[PATCH v3 0/2] irq: detect slow IRQ handlers

From: Mark Rutland
Date: Thu Jul 15 2021 - 05:50:38 EST


Hi,

While fuzzing arm64 with Syzkaller (under QEMU+KVM) over a number of releases,
I've occasionally seen some ridiculously long stalls (20+ seconds), where it
appears that a CPU is stuck in a hard IRQ context. As this gets detected after
the CPU returns to the interrupted context, it's difficult to identify where
exactly the stall is coming from.

These patches are intended to help tracking this down, with a WARN() if an IRQ
handler takes longer than a given timout (1 second by default), logging the
specific IRQ and handler function.
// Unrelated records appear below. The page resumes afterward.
lemma j0_neighbours:
  assumes "3 \<le> m"
  shows "j0 - 1 \<in> {1..m}" "j0 + 1 \<in> {1..m}" "m - (j0 - 1) = j0"
    and "0 < l' (j0 - 1)" "l' (j0 + 1) = - l' (j0 - 1)" "a (j0 + 1) = n - a (j0 - 1)"
proof -
  have "2 * j0 = m + 1" by (fact j0_range(1))
  then have nb: "j0 - 1 \<in> {1..m}" "j0 + 1 \<in> {1..m}" "m + 1 - (j0 - 1) = j0 + 1"
      "m - (j0 - 1) = j0" "j0 - 1 < j0"
    using assms by simp_all linarith+
  then show "j0 - 1 \<in> {1..m}" "j0 + 1 \<in> {1..m}" "m - (j0 - 1) = j0" by simp_all
  show "0 < l' (j0 - 1)"
    using monotone_onD[OF lt_strict_antimono[OF X0plus_\<nu>], of "j0 - 1" j0] nb j0_range(2) l'_j0
    by simp
  show "l' (j0 + 1) = - l' (j0 - 1)" using l'_reflect[OF nb(1)] unfolding nb(3) .
  show "a (j0 + 1) = n - a (j0 - 1)"
    using apos_reflect[OF nb(1) l_apos_succ_neq[OF nb(1)]] nb(3,5) by simp
qed

lemma apos_j0_succ:
  assumes "3 \<le> m" and "a (j0 - 1) = i0 - 1"
  shows "a (j0 + 1) = i0"
proof -
  have "n - (i0 - 1) = i0" using i0_range(1,2) by linarith
  then show ?thesis using j0_neighbours(6)[OF assms(1)] assms(2) by simp
qed

lemma apos_j0_pred_le:
  assumes "3 \<le> m"
  shows "a (j0 - 1) \<le> i0 - 1"
proof -
  note nb = j0_neighbours[OF assms]
  have "l' (j0 - 1) < l (a (j0 - 1))" "a (j0 - 1) \<in> {1..n-1}" using apos_gap[OF nb(1)] by auto
  then have "a (j0 - 1) < i0"
    using monotone_onD[OF l_antimono, of i0 "a (j0 - 1)"] nb(4) l_i0 i0_indices(2) by fastforce
  then show ?thesis by linarith
qed

text \<open>If \<open>a (j0 - 1) < a j0\<close>, then both \<open>j0 - 1\<close> and \<open>j0\<close> are jump indices, and
  \<open>j \<mapsto> m - j\<close> is a fixed-point free involution of the jump indices.\<close>

lemma even_kjumps:
  assumes "3 \<le> m" and below: "a (j0 - 1) < i0 - 1"
  shows "even (kjumps n \<mu> m \<nu>)"
proof -
  define J where "J = {j \<in> {1..m - 1}. a j < a (j + 1)}"
  note nb = j0_neighbours[OF assms(1)]
  have "2 * j0 = m + 1" "2 * i0 = n + 1" "2 \<le> i0" by (fact j0_range(1) i0_range(1,2))+
  then have idx: "j0 - 1 + 1 = j0" "j0 - 1 \<in> {1..m-1}" "j0 \<in> {1..m-1}"
    using assms(1) by auto
  have "i0 - 1 < n - a (j0 - 1)" using below \<open>2 * i0 = n + 1\<close> by linarith
  then have middle_jumps: "j0 - 1 \<in> J" "j0 \<in> J"
    unfolding J_def mem_Collect_eq idx(1) apos_j0 nb(6) using idx(2,3) below by blast+
  have reflect: "m - j \<in> J" if "j \<in> J" for j
  proof -
    have j: "j \<in> {1..m-1}" "a j < a (j + 1)" using that unfolding J_def by auto
    consider "j = j0 - 1" | "j = j0" | "j \<noteq> j0 - 1" "j \<noteq> j0" by blast
    then show ?thesis
    proof cases
      case 1
      then show ?thesis using middle_jumps(2) nb(3) by simp
    next
      case 2
      then have "m - j = j0 - 1" using j0_range(1) by linarith
      then show ?thesis using middle_jumps(1) by simp
    next
      case 3
      then show ?thesis using j jump_reflect[of j] unfolding J_def by auto
    qed
  qed
  have "even (card J)"
  proof (rule even_card_involution[of J "\<lambda>j. m - j"])
    show "finite J" unfolding J_def by simp
    show "m - (m - j) = j" "m - j \<noteq> j" if "j \<in> J" for j
      using that m_odd unfolding J_def by (auto, presburger)
  qed (fact reflect)
  then show ?thesis unfolding kjumps_def J_def .
qed
lemma trace_orthogonal_conj:
  assumes "orthogonal_matrix (V :: real^'n^'n)"
  shows "trace (V ** X ** transpose V) = trace X"
proof -
  have "trace (V ** X ** transpose V) = trace (transpose V ** (V ** X))" by (rule trace_mul_sym)
  also have "\<dots> = trace ((transpose V ** V) ** X)" by (simp only: matrix_mul_assoc)
  also have "\<dots> = trace X" using assms by (simp add: orthogonal_matrix_def)
  finally show ?thesis .
qed

lemma trace_orthogonal_mult_le_sv:
  assumes "is_sv A s" "orthogonal_matrix Q"
  shows "trace (Q ** A) \<le> s$1 + s$2 + s$3"
proof -
  obtain U V where UV: "orthogonal_matrix U" "orthogonal_matrix V" "A = U ** diag3 s ** transpose V"
    and s: "\<forall>i. s$i \<ge> 0" using assms(1) unfolding is_sv_def by blast
  define W where "W = transpose V ** Q ** U"
  have oW: "orthogonal_matrix W" unfolding W_def using UV assms(2)
    by (simp add: orthogonal_matrix_mul)
  have "trace (Q ** A) = trace ((Q ** U ** diag3 s) ** transpose V)"
    using UV(3) by (simp add: matrix_mul_assoc)
  also have "\<dots> = trace (W ** diag3 s)"
    unfolding trace_mul_sym[of _ "transpose V"] by (simp add: W_def matrix_mul_assoc)
  also have "\<dots> = W$1$1 * s$1 + W$2$2 * s$2 + W$3$3 * s$3" by (rule trace_mult_diag3)
  also have "\<dots> \<le> s$1 + s$2 + s$3"
  proof -
    have "W$i$i * s$i \<le> s$i" for i
      using mult_right_mono[of "W$i$i" 1 "s$i"] orthogonal_matrix_abs_entry_le[OF oW, of i i] s
      by auto
    then show ?thesis by (simp add: add_mono)
  qed
  finally show ?thesis .
qed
While it's possible to achieve similar with
tracing, it's harder to integrate that into an automated fuzzing setup.

I've been running this for a short while, and haven't yet seen any of the
stalls with this applied, but I've tested with smaller timeout periods in the 1
millisecond range by overloading the host, so I'm confident that the check
works.

Thanks,
Mark.

Since v1 [1]:
* Minor commit message tweaks
* Add Paul's Acked-by
* Trivial rebase to v5.13-rc4

Since v2 [2]:
* Trivial rebase to v5.14-rc1

[1] https://lore.kernel.org/r/20210112135950.30607-1-mark.rutland@xxxxxxx
[2] https://lore.kernel.org/r/20210615102507.9677-1-mark.rutland@xxxxxxx

Mark Rutland (2):
irq: abstract irqaction handler invocation
irq: detect long-running IRQ handlers

kernel/irq/chip.c | 15 +++----------
kernel/irq/handle.c | 4 +---
kernel/irq/internals.h | 57 ++++++++++++++++++++++++++++++++++++++++++++++++++
lib/Kconfig.debug | 15 +++++++++++++
4 files changed, 76 insertions(+), 15 deletions(-)

--
2.11.0